■ **Work order**:
On every line of the listing, check for "real"; copy the lines that have it.

[Extracted entries — start]

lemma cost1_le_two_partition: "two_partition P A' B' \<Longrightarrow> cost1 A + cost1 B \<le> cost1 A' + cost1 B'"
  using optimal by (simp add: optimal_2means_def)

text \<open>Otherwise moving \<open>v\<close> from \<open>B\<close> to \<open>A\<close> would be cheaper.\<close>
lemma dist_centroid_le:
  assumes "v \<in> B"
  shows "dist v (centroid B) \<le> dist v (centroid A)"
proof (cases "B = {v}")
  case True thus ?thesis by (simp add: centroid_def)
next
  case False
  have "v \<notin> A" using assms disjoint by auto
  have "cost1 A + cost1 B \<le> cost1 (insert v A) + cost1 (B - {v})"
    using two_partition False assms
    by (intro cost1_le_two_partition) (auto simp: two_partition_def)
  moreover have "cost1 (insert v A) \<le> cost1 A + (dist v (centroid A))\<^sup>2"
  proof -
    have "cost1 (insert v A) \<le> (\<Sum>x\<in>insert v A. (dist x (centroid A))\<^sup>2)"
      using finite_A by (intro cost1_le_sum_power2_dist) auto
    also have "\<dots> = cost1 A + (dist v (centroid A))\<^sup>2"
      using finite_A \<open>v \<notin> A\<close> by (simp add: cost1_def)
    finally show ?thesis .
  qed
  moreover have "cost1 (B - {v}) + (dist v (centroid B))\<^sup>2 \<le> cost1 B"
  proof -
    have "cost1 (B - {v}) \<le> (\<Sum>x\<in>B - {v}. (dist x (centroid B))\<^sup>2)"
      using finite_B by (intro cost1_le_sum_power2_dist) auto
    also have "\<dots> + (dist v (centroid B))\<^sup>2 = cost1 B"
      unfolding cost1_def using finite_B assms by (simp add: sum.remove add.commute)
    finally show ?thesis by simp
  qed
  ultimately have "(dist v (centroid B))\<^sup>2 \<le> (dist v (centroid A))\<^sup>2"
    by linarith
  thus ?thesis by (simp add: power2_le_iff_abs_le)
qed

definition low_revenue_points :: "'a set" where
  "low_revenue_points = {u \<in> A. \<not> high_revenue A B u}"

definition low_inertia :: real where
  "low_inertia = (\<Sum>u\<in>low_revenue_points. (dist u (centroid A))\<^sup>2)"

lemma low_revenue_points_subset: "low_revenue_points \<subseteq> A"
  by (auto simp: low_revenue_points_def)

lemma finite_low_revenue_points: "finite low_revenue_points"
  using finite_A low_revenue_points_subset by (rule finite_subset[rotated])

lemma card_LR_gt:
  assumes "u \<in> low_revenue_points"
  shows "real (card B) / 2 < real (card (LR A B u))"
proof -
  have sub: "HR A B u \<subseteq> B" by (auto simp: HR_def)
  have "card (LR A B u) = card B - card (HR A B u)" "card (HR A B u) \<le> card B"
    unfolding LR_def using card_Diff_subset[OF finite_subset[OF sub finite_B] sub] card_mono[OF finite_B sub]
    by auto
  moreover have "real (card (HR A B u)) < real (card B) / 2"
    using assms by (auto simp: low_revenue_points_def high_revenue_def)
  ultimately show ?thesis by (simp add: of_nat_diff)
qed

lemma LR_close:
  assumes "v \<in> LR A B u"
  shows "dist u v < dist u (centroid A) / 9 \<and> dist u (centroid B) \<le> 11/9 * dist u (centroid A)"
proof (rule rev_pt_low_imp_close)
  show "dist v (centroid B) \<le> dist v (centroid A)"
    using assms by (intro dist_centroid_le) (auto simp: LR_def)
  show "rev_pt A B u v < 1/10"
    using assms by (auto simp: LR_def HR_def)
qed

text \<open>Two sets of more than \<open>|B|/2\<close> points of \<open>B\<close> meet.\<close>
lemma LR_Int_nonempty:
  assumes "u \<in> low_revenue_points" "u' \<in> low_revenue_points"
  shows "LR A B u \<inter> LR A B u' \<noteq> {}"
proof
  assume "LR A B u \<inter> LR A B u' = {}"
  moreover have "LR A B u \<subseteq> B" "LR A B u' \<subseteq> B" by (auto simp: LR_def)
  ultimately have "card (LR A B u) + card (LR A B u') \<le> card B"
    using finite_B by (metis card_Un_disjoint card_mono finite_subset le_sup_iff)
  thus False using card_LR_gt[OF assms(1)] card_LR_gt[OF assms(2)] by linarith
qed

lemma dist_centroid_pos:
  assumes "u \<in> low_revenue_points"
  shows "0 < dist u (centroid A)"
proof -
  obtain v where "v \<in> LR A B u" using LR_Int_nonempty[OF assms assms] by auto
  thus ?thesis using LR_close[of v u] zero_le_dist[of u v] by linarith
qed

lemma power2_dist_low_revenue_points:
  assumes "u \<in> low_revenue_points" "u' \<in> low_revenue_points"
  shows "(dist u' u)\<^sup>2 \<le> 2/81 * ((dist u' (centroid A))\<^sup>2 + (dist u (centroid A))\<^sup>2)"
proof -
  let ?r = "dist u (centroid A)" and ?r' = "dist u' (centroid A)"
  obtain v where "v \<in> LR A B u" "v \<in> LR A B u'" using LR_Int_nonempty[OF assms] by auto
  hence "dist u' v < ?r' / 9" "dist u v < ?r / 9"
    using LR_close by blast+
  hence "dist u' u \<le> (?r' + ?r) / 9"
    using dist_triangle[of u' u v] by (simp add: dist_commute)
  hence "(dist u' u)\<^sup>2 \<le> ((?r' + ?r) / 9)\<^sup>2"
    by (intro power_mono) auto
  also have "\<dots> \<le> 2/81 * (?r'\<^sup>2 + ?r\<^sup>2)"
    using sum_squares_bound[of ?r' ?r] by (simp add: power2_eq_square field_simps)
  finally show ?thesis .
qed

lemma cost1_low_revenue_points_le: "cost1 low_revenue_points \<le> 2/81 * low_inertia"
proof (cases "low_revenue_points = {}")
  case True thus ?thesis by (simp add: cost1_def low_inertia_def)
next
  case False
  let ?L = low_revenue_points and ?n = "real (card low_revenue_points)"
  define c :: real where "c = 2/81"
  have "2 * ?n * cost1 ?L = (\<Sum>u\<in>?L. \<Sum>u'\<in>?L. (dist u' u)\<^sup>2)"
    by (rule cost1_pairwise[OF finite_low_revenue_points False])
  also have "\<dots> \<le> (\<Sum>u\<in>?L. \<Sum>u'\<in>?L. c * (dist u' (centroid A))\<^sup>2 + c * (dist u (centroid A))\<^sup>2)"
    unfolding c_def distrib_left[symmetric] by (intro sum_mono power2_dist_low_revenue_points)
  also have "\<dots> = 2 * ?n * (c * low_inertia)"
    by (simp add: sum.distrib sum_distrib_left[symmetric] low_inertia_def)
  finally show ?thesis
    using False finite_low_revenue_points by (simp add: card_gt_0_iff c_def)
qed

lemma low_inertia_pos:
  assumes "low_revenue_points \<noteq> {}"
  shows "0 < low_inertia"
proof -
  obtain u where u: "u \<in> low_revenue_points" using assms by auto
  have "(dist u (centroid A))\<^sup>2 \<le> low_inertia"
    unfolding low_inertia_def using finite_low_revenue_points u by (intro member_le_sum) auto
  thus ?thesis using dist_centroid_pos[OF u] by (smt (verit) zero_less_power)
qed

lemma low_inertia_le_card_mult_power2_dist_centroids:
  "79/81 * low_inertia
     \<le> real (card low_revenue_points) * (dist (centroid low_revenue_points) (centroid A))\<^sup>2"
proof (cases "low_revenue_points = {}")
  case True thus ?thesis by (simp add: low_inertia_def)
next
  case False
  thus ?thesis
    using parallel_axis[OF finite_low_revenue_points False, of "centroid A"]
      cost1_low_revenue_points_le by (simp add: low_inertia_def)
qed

[Extracted entries — finish]

■ **Solution for this problem**:
definition low_inertia :: real where
  shows "real (card B) / 2 < real (card (LR A B u))"
  moreover have "real (card (HR A B u)) < real (card B) / 2"
  let ?L = low_revenue_points and ?n = "real (card low_revenue_points)"
  define c :: real where "c = 2/81"
     \<le> real (card low_revenue_points) * (dist (centroid low_revenue_points) (centroid A))\<^sup>2"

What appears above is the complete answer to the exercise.